Światem wrestlingu wstrząsnęła szokująca wiadomość o nagłej śmierci jednej z największych ikon tego sportu. Hulk Hogan, właściwie Terry Bollea, zmarł w czwartek rano w wieku 71 lat po zatrzymaniu akcji serca. Jak informuje Daily Mail, do tragicznego zdarzenia doszło w jego domu na Florydzie.
Ostatnie godziny legendarnego zapaśnika
Ratownicy zostali wezwani do domu Hogana w czwartek rano o 9:51, gdzie znaleźli giganta wrestlingu w stanie krytycznym. Pomimo natychmiastowego przewiezienia do Morton Plant Hospital, lekarzom nie udało się uratować Hogana i o 11:17 ogłosili jego śmierć. Policja podała, że sprawa jest badana jako standardowa śmierć bez podejrzeń o udział osób trzecich.
Dziedzictwo supergwiazdy wrestlingu na całe życie
Hulk Hogan w latach 80. stał się twarzą profesjonalnego wrestlingu i pomógł przekształcić WWE z regionalnej rozrywki w globalny fenomen. Jego charakterystyczne wąsy, żółta bandana i czerwona koszulka stały się ikoniczne. W 1984 roku zapoczątkował erę „Hulkamanii” zwycięstwem nad Iron Sheikiem i zdobyciem tytułu mistrza świata.
Sukcesy w ringu
- Sześciokrotny mistrz WWE
- Główna gwiazda pierwszej WrestleManii (1985)

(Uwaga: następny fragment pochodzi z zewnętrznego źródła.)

abbreviation L :: "nat \<Rightarrow> 'v \<Rightarrow> int" where
  "L \<equiv> lifted M E (r 0) p0 S"

abbreviation B :: "'v \<Rightarrow> int \<Rightarrow> 's" where
  "B \<equiv> ball_fold E f v0"

lemma M_pos: "M > 0"
  using M by simp

lemma delta_eq_delay: "walk_betw E p0 xs q \<Longrightarrow> delta M E (r 0) p0 q = delay M (r 0) xs"
  using someI_ex[OF conn] wu0 unfolding WU0_def delta_def by blast

text \<open>Taking a shortest path shows that no initial delay from p0 exceeds the diameter.\<close>
lemma delta_le_diameter: "delta M E (r 0) p0 q \<le> int (diameter E)"
proof -
  obtain xs where xs: "walk_betw E p0 xs q" "length xs = Suc (hop_dist E p0 q)"
    using conn hop_dist_shortest by meson
  have "finite {hop_dist E p q | p q. True}"
    using finite_image_set2[of "\<lambda>_. True" "\<lambda>_. True" "hop_dist E"] by simp
  then have "hop_dist E p0 q \<le> diameter E"
    unfolding diameter_def by (rule Max_ge) blast
  moreover have "delay M (r 0) xs \<le> int (hop_dist E p0 q)"
    using delay_le_edges[OF M_pos, of xs] xs by (auto simp: walk_betw_def)
  ultimately show ?thesis using delta_eq_delay[OF xs(1)] by simp
qed

lemma r_eq_L_mod: "r t q = L t q mod M"
proof (induction t)
  case 0
  obtain xs where xs: "walk_betw E p0 xs q" using conn by blast
  then have delta_mod: "delta M E (r 0) p0 q mod M = (r 0 q - r 0 p0) mod M"
    using delta_eq_delay delay_mod[OF M_pos] by (auto simp: walk_betw_def)
  have "L 0 q mod M = (r 0 p0 + delta M E (r 0) p0 q mod M) mod M"
    by (simp add: mod_add_right_eq)
  also have "\<dots> = r 0 q mod M"
    unfolding delta_mod by (simp add: mod_add_right_eq)
  finally show ?case using r0_range[of q] by simp
next
  case (Suc t)
  show ?case
  proof (cases "q \<in> S t")
    case True
    then show ?thesis using Suc step_active(2)[OF exec True] by (simp add: mod_add_left_eq)
  next
    case False
    then show ?thesis using Suc step_idle(1)[OF exec False] by simp
  qed
qed

lemma enabled_neighbour_clock:
  assumes "enabled M E (r t) p" "E p q" "\<bar>L t p - L t q\<bar> \<le> 1"
  shows "L t q = L t p \<or> L t q = L t p + 1"
proof -
  have "r t q = r t p \<or> r t q = (r t p + 1) mod M"
    using assms unfolding enabled_def by blast
  then have "L t q mod M = L t p mod M \<or> L t q mod M = (L t p + 1) mod M"
    by (simp add: r_eq_L_mod mod_add_left_eq)
  then have "L t q \<noteq> L t p - 1"
    using mod_consecutive_distinct[OF M(1), of "L t p"] by auto
  then show ?thesis using assms(3) by auto
qed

- Członek WWE Hall of Fame (od 2005)
- Walczył z legendami takimi jak Andre The Giant czy The Rock
Reakcje społeczności wrestlingowej i osobistości
Wiadomość o śmierci Hogana wywołała falę smutku i wspomnień w całej branży sportowej i rozrywkowej. Vince McMahon, współzałożyciel WWE, nazwał Hogana „największą supergwiazdą WWE wszech czasów”. Sylvester Stallone, z którym Hogan zagrał w filmie Rocky III, udostępnił wzruszający post wspominający ich wspólną pracę.
Hulk Hogan pozostawia żonę Sky, z którą ożenił się we wrześniu 2023 roku, oraz dwoje dzieci z poprzedniego małżeństwa – Brooke (37) i Nicka (34). Jego dziedzictwo w świecie profesjonalnego wrestlingu i popkultury pozostanie na zawsze niezapomniane.